Optionally, after the third file structure tree and the fourth file structure tree are constructed, before determining the target structure similarity parameters corresponding to the batch of code files to be detected, step 406 may further include: cutting off the isolated nodes in the third file structure tree to obtain a third sub-tree formed by the remaining nodes; and cutting off the isolated nodes in the fourth file structure tree to obtain a fourth sub-tree formed by the remaining nodes. Correspondingly, the target structure similarity parameters corresponding to the batch of code files to be detected are determined based on the third subtree and the fourth subtree.

Second embodiment

If the target parameters corresponding to the sample data used in training the target model include word vector parameters, and accordingly, the target parameters corresponding to the batch of code files to be detected include target word vector parameters, and the corresponding step 406 may include: extracting keywords in paths of the plurality of third code files; determining word vectors of keywords in paths of the plurality of third code files to obtain at least one third word vector; extracting keywords in paths of the plurality of fourth code files; determining word vectors of the keywords in the paths of the plurality of fourth code files to obtain at least one fourth word vector.

Third embodiment

Step 408, inputting the target parameters corresponding to the batch of code files to be detected into a target model, and determining similarity measurement parameters of the batch of code files to be detected and the privacy code files.

The target model is obtained by training through a machine learning method in the embodiment of the present specification, and the specific training process refers to the above, which is not described repeatedly herein.

And step 410, determining whether the privacy code files exist in the batch of code files to be detected based on the similarity measurement parameters of the batch of code files to be detected and the privacy code files.

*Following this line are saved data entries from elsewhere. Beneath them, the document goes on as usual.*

lemma grid_tree_pts_subset_hanan:
  assumes "V \<subseteq> fst ` P \<times> snd ` P" "E \<subseteq> grid_edges (fst ` P) (snd ` P)"
  shows "tree_pts V E \<subseteq> hanan_grid P"
proof
  fix p assume "p \<in> tree_pts V E"
  then consider (vertex) "p \<in> V" | (edge) u v where "(u, v) \<in> E" "in_box p u v"
    unfolding tree_pts_def using closed_segment_in_box by blast
  then have "fst p \<in> fst ` P \<or> snd p \<in> snd ` P"
  proof cases
    case edge
    from \<open>(u, v) \<in> E\<close> assms(2) have "(u, v) \<in> grid_edges (fst ` P) (snd ` P)" by blast
    then show ?thesis
    proof (cases rule: grid_edgesE)
      case (horizontal x x' y)
      then have "snd p = y" using \<open>in_box p u v\<close> by (simp add: in_box_def)
      then show ?thesis using horizontal(2) by blast
    next
      case (vertical x y y')
      then have "fst p = x" using \<open>in_box p u v\<close> by (simp add: in_box_def)
      then show ?thesis using vertical(1) by blast
    qed
  next
    case vertex
    then have "p \<in> fst ` P \<times> snd ` P" using assms(1) by blast
    then show ?thesis by (simp add: mem_Times_iff)
  qed
  then show "p \<in> hanan_grid P" by (force simp: hanan_grid_def)
qed

section \<open>Grid paths\<close>

definition line_edges :: "(real \<Rightarrow> pt) \<Rightarrow> real set \<Rightarrow> real \<Rightarrow> real \<Rightarrow> (pt \<times> pt) set" where
  "line_edges f Z a b = map_prod f f ` consec_within Z a b"

lemma line_edges_reach:
  assumes "finite Z" "a \<in> Z" "w \<in> Z" "a \<le> w" "w \<le> b"
  shows "(f a, f w) \<in> (line_edges f Z a b)\<^sup>*"
  using rtrancl_map_prod_image[OF consec_within_reach[OF assms]] by (simp add: line_edges_def)

lemma line_edges_reach_edge:
  assumes "finite Z" "a \<in> Z" "e \<in> line_edges f Z a b"
  shows "(f a, fst e) \<in> (line_edges f Z a b)\<^sup>*" "(f a, snd e) \<in> (line_edges f Z a b)\<^sup>*"
proof -
  obtain z z' where "e = (f z, f z')" "(z, z') \<in> consec Z" "a \<le> z" "z' \<le> b"
    using assms(3) by (auto simp: line_edges_def consec_within_def)
  then show "(f a, fst e) \<in> (line_edges f Z a b)\<^sup>*" "(f a, snd e) \<in> (line_edges f Z a b)\<^sup>*"
    using line_edges_reach[OF assms(1,2)] consecD by fastforce+
qed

The privacy code determination method based on machine learning provided by the embodiment of the specification comprises the steps of firstly treating a code file to be detected as a common text, selecting a code file which is similar to the content of the code file to be detected and has a known privacy label by comparing similarity measurement parameters, and using the selected code file as a basis for determining target parameters corresponding to the code file to be detected, wherein the method is high in speed and good in expansibility; secondly, by comparing at least one of the structural similarity parameter and the word vector parameter of the code file, the similarity between a batch of code files to be detected and the privacy code file is determined from at least one angle of the directory structure and the directory keywords of the code file. In a word, the method can greatly improve the detection efficiency of the privacy codes.

In addition, for some open source components, the code files of the open source components generally have specific directory structures, and the code files can be identified in a more targeted manner by the method, so that the false identification of the open source codes is reduced, and the accuracy and the effectiveness of the privacy code detection are improved.

The above is a description of embodiments of the method provided in this specification, and the electronic device provided in this specification is described below.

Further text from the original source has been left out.